Starving Student II Headphone Amplifier

I recently received the tube set for the Starving Student II Headphone Amplifier. All were received promptly and in good shape. I have switched out the original Ratheon tubes for the Sylvania, RCA, GE and Standard Brand tubes. All work flawlessly. Unfortunately, I can not hear any difference in sound quality among the lot. I am using Sennheiser HD565 headphones and an Apple iPod for input (FLAC files). Is this just because I'm an old guy with bad hearing or am I missing something?

When I first built the kit, I picked up a few pairs of different tubes. I agree that their was very little difference between the sound of the different tubes. I heard far greater differences when running different source DACs into the unit.
 
The LEDs under the tubes are voltage ref. for the tube. The two others are voltage ref. for the CCS transistor. So if you run the amp in anode resistor mode it may work fine. It will be my guess that amp is not working in CCS mode?
The best guess is that you have reversed the diodes for the CCS?
You can measure voltage over the diode. If you measure 48V it indicates that diodes are reversed. Think you should measure about 3V or so over blue led if it is conducting.
 
The LEDs under the tubes are voltage ref. for the tube. The two others are voltage ref. for the CCS transistor. So if you run the amp in anode resistor mode it may work fine. It will be my guess that amp is not working in CCS mode?
The best guess is that you have reversed the diodes for the CCS?
You can measure voltage over the diode. If you measure 48V it indicates that diodes are reversed. Think you should measure about 3V or so over blue led if it is conducting.

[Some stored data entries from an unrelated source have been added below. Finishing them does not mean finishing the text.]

(* In the connectivity graph model, any shape $S$ on $n$ nodes can be grown from $i(S)$ (as initial shape) in $O(\log n)$ time steps.
   Context: Shapes. Grid points are integer pairs $(x,y)$; two grid points are adjacent if they are at orthogonal (Manhattan) distance $1$. A shape $S=(V,E)$ is a finite connected graph whose nodes occupy distinct grid points and whose edges join only pairs of nodes occupying adjacent points; shapes are considered up to translation, and $n=|V|$. Growth operations. One node, the anchor $u_0$, is stationary; other nodes move relative to it, and a tree is rooted at $u_0$. A growth operation on a node $u$ toward an adjacent grid point $p$ either (i) if $u$ has no edge to $p$, creates a new node $u'$ at $p$ with edge $uu'$; or (ii) if $p$ is occupied by a node $v$ with $uv\in E$, creates a new node $u'$ at $p$, replaces edge $uv$ by edges $uu',u'v$, and translates by one unit, along the axis of $uv$, the part of the (rooted spanning) tree hanging from whichever of $u,v$ is farther from $u_0$, away from the other endpoint. In one time step a set of operations is applied concurrently, each node receiving at most one operation and all operations having the same cardinal direction; the displacement of each node is the sum of the unit vectors contributed by the operations on its path to $u_0$ in a spanning tree rooted at $u_0$. The set is collision-free if no two nodes collide during these motions or end at the same point, and for every cycle and every two of its nodes the displacements accumulated along the two paths of the cycle between them are equal. Growth processes (connectivity graph model). A growth process from an initial shape $S_0$ performs time steps $t=1,2,\dots$, each applying a collision-free set of growth operations to the current shape; no edges are deleted and no edges are created other than by the operations. It grows $S$ from $S_0$ in $t_f$ time steps if the shape obtained after step $t_f$ is $S$. Turning points, compression. A node $u$ is a turning point of $S$ if $u$ is a leaf or $u$ has two neighbors $v_1,v_2$ with $v_1u$ perpendicular to $uv_2$. A line segment is a maximal straight path between two turning points containing no other turning point. A column (row) of $S$ is compressible if it contains nodes of $S$ but no turning point. Compressing a maximal run $C_l,\dots,C_r$ of consecutive compressible columns deletes their nodes, shifts everything right of $C_r$ left by $r-l+1$, and, for each horizontal segment through them, joins its node in column $C_{l-1}$ to its node in column $C_{r+1}$; rows analogously. $i(S)$ is the incompressible shape obtained by compressing all compressible columns and rows of $S$. *)

theory Defs
  imports Main Complex_Main
begin

type_synonym pt = "int \<times> int"

text \<open>A shape is represented by the set of occupied grid points (nodes are identified
with the grid point they occupy, as nodes occupy distinct points) and the set of its
edges, each edge being a two-element set of points.\<close>
type_synonym shape = "pt set \<times> pt set set"

definition padd :: "pt \<Rightarrow> pt \<Rightarrow> pt" where
  "padd p q = (fst p + fst q, snd p + snd q)"

definition pneg :: "pt \<Rightarrow> pt" where
  "pneg p = (- fst p, - snd p)"

definition grid_adj :: "pt \<Rightarrow> pt \<Rightarrow> bool" where
  "grid_adj p q \<longleftrightarrow> \<bar>fst p - fst q\<bar> + \<bar>snd p - snd q\<bar> = 1"

definition nodes :: "shape \<Rightarrow> pt set" where "nodes S = fst S"
definition edges :: "shape \<Rightarrow> pt set set" where "edges S = snd S"

definition is_shape :: "shape \<Rightarrow> bool" where
  "is_shape S \<longleftrightarrow>
     finite (nodes S) \<and> nodes S \<noteq> {} \<and>
     (\<forall>e\<in>edges S. \<exists>p q. e = {p, q} \<and> p \<in> nodes S \<and> q \<in> nodes S \<and> grid_adj p q) \<and>
     (\<forall>p\<in>nodes S. \<forall>q\<in>nodes S. (p, q) \<in> {(a, b). {a, b} \<in> edges S}\<^sup>*)"

definition translate :: "pt \<Rightarrow> shape \<Rightarrow> shape" where
  "translate t S = (padd t ` nodes S, (\<lambda>e. padd t ` e) ` edges S)"

definition same_shape :: "shape \<Rightarrow> shape \<Rightarrow> bool" where
  "same_shape S T \<longleftrightarrow> (\<exists>t. T = translate t S)"

definition cardinal_dirs :: "pt set" where
  "cardinal_dirs = {(1, 0), (-1, 0), (0, 1), (0, -1)}"

text \<open>An operation on u in direction d is of type (ii) (it elongates the edge from u to
  u + d) iff u carries an operation and has an edge to u + d; otherwise it is of type (i).\<close>
definition elong :: "shape \<Rightarrow> pt set \<Rightarrow> pt \<Rightarrow> pt \<Rightarrow> pt \<Rightarrow> bool" where
  "elong S Ops d u v \<longleftrightarrow> u \<in> Ops \<and> v = padd u d \<and> {u, v} \<in> edges S"

text \<open>Displacements: the anchor is stationary and, along every edge, the displacement
  difference is the unit vector contributed by the (possible) elongation of that edge
  (this is the tree-based definition together with the cycle-consistency requirement).\<close>
definition valid_disp :: "shape \<Rightarrow> pt set \<Rightarrow> pt \<Rightarrow> pt \<Rightarrow> (pt \<Rightarrow> pt) \<Rightarrow> bool" where
  "valid_disp S Ops d u0 disp \<longleftrightarrow>
     u0 \<in> nodes S \<and> disp u0 = (0, 0) \<and>
     (\<forall>u\<in>nodes S. \<forall>v\<in>nodes S. {u, v} \<in> edges S \<longrightarrow>
        padd (disp v) (pneg (disp u)) =
          (if elong S Ops d u v then d else if elong S Ops d v u then pneg d else (0, 0)))"

text \<open>Trajectories during the motion, for time \<tau> in [0,1]: an existing node a moves
  linearly by its displacement; the node created by the operation on u moves from u
  to its final position (one unit from the final position of u in direction d).\<close>
definition traj :: "(pt \<Rightarrow> pt) \<Rightarrow> pt \<Rightarrow> pt + pt \<Rightarrow> real \<Rightarrow> real \<times> real" where
  "traj disp d x \<tau> = (case x of
      Inl a \<Rightarrow> (of_int (fst a) + \<tau> * of_int (fst (disp a)),
                of_int (snd a) + \<tau> * of_int (snd (disp a)))
    | Inr u \<Rightarrow> (of_int (fst u) + \<tau> * of_int (fst (disp u) + fst d),
                of_int (snd u) + \<tau> * of_int (snd (disp u) + snd d)))"

definition collision_free :: "shape \<Rightarrow> pt set \<Rightarrow> pt \<Rightarrow> (pt \<Rightarrow> pt) \<Rightarrow> bool" where
  "collision_free S Ops d disp \<longleftrightarrow>
     (\<forall>\<tau>::real. 0 < \<tau> \<and> \<tau> \<le> 1 \<longrightarrow>
        inj_on (\<lambda>x. traj disp d x \<tau>) (Inl ` nodes S \<union> Inr ` Ops))"

definition step_result :: "shape \<Rightarrow> pt set \<Rightarrow> pt \<Rightarrow> (pt \<Rightarrow> pt) \<Rightarrow> shape" where
  "step_result S Ops d disp =
     (let f = (\<lambda>a. padd a (disp a)); nw = (\<lambda>u. padd (f u) d) in
      ((f ` nodes S) \<union> (nw ` Ops),
       {{f u, f v} | u v. u \<in> nodes S \<and> v \<in> nodes S \<and> {u, v} \<in> edges S \<and>
                          \<not> elong S Ops d u v \<and> \<not> elong S Ops d v u}
       \<union> {{f u, nw u} | u. u \<in> Ops}
       \<union> {{nw u, f (padd u d)} | u. u \<in> Ops \<and> {u, padd u d} \<in> edges S}))"

definition growth_step :: "shape \<Rightarrow> shape \<Rightarrow> bool" where
  "growth_step S S' \<longleftrightarrow>
     (\<exists>Ops d u0 disp. Ops \<subseteq> nodes S \<and> d \<in> cardinal_dirs \<and>
        valid_disp S Ops d u0 disp \<and> collision_free S Ops d disp \<and>
        S' = step_result S Ops d disp)"

definition grows_in :: "shape \<Rightarrow> shape \<Rightarrow> nat \<Rightarrow> bool" where
  "grows_in S0 S tf \<longleftrightarrow>
     (\<exists>seq :: nat \<Rightarrow> shape. seq 0 = S0 \<and>
        (\<forall>k<tf. growth_step (seq k) (seq (Suc k))) \<and> same_shape (seq tf) S)"

definition nbrs :: "shape \<Rightarrow> pt \<Rightarrow> pt set" where
  "nbrs S u = {v. {u, v} \<in> edges S}"

definition turning_point :: "shape \<Rightarrow> pt \<Rightarrow> bool" where
  "turning_point S u \<longleftrightarrow> u \<in> nodes S \<and>
     (card (nbrs S u) = 1 \<or>
      (\<exists>v1\<in>nbrs S u. \<exists>v2\<in>nbrs S u.
         (fst v1 - fst u) * (fst v2 - fst u) + (snd v1 - snd u) * (snd v2 - snd u) = 0))"

definition compressible_col :: "shape \<Rightarrow> int \<Rightarrow> bool" where
  "compressible_col S x \<longleftrightarrow>
     (\<exists>y. (x, y) \<in> nodes S) \<and> (\<forall>y. (x, y) \<in> nodes S \<longrightarrow> \<not> turning_point S (x, y))"

text \<open>Compressing all compressible columns at once: nodes in compressible columns are
  deleted, each column is shifted left by the number of deleted columns to its left, and
  horizontal segments running through deleted columns are rejoined.\<close>
definition col_shift :: "shape \<Rightarrow> pt \<Rightarrow> pt" where
  "col_shift S p = (fst p - int (card {c. c < fst p \<and> compressible_col S c}), snd p)"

It is working in CCS mode. I will attempt to measure the voltage across the LEDs and report back.
 
Hi -- newbie here. I just finished this with my son today and we're in need of some troubleshooting assistance. Sound only working in one channel, and some static in other. Seems the LED1 by the side of one tube socket does not light up, all 3 other LEDs do. Same tube does not seem to warm up while the other is fine. I suspect there's a soldering problem somewhere but nothing obvious to the eye. Before I clean up and resolder all 7 tube socket connectors for that channel, is there anything else I might usefully check in case it's a mistake somewhere else in that channel? Don't have a multimeter to hand (my bad). I've experience soldering but was using this to teach my son -- nothing obvious that I can detect as a problem otherwise.
Thanks
Oscar
 
Ok, another try. Got a multimeter but am perplexed by this instruction in the manual"

"Measure the DC voltage between ground and pin 3 of each of the tube sockets. You can find ground on pin 3, or on the headphone jack nearest the front panel"

Is pin 3 ground or am I missing something? And where on the headphone jack exactly would I find the other ground? Still hoping to get this to work...
 
A while ago I built the SSII headphone amp with the Raytheon tubes, and I got a LOT of distortion on my Audio Technica ATH-M50x headphones (impedance 38 Ohms). I switched the amp to CCS (Constant Current Source) for less distortion.

Then I bought the tube-rolling kits and exchanged them with Westinghouse (actually Sylvania tubes) and the distortion was somewhat better (i.e. less), but still present. Especially the vocals sound distant, echoey and distorted.

Is there something I could have done wrong? In my opinion the amp does not go very loud either. However, up until now I have been feeding it MP3's, so I could try a more HD source like CD. Any suggestions?
 
Maybe I should have gotten a good iron first.

Today I built the SSII, was reassured with glowing diodes, 19v on pin #3 each channel, and 17v with the tubes. I hooked up an old iPod, and...nothing. No sound.

Tomorrow I’m ordering a better soldering station and later this week I’ll be re-flowing the joints.

Any ideas from any of you, in the meantime?

Thanks!
 
Regarding my last (which was also my first) post, is is safe to assume that since I have good voltages on pin 3 of each tube that I didn't overheat the diodes? Is there a one central place that would kill each channel?

I really would like to fix this before going a few blocks north to a friend who builds his own tube amps. Before I build an amp with his guidance, I'd really like to have a little success with this project.
 
I recently built the first Starving Student Amp, but replaced the 19J6 tubes with 12SR7. Changed the resistor values and the pin layout for it as well, according to a thread I found. However, when I plug it in, the right side doesn't work, the left side experiences a constant loud noise and it crackles when I move it. The tubes and heatsinks get hot and music plays fine.
I've redone most of the joints already, but that didn't help. I don't have a tube socket however, and I'm sceptical of the solder joints there. Is there a better way of soldering tubes that doesn't require a socket? I kinda don't want to order one from china, shipping would take ages.
I'm also currently not using a metal enclosure and I've wired everything pretty much point to point. I've also connected the power ground as well as the audio ground together to the ground pin on the power jack. Could that be a problem?
I really have very little experience in things like this, so any help would be greatly appreciated.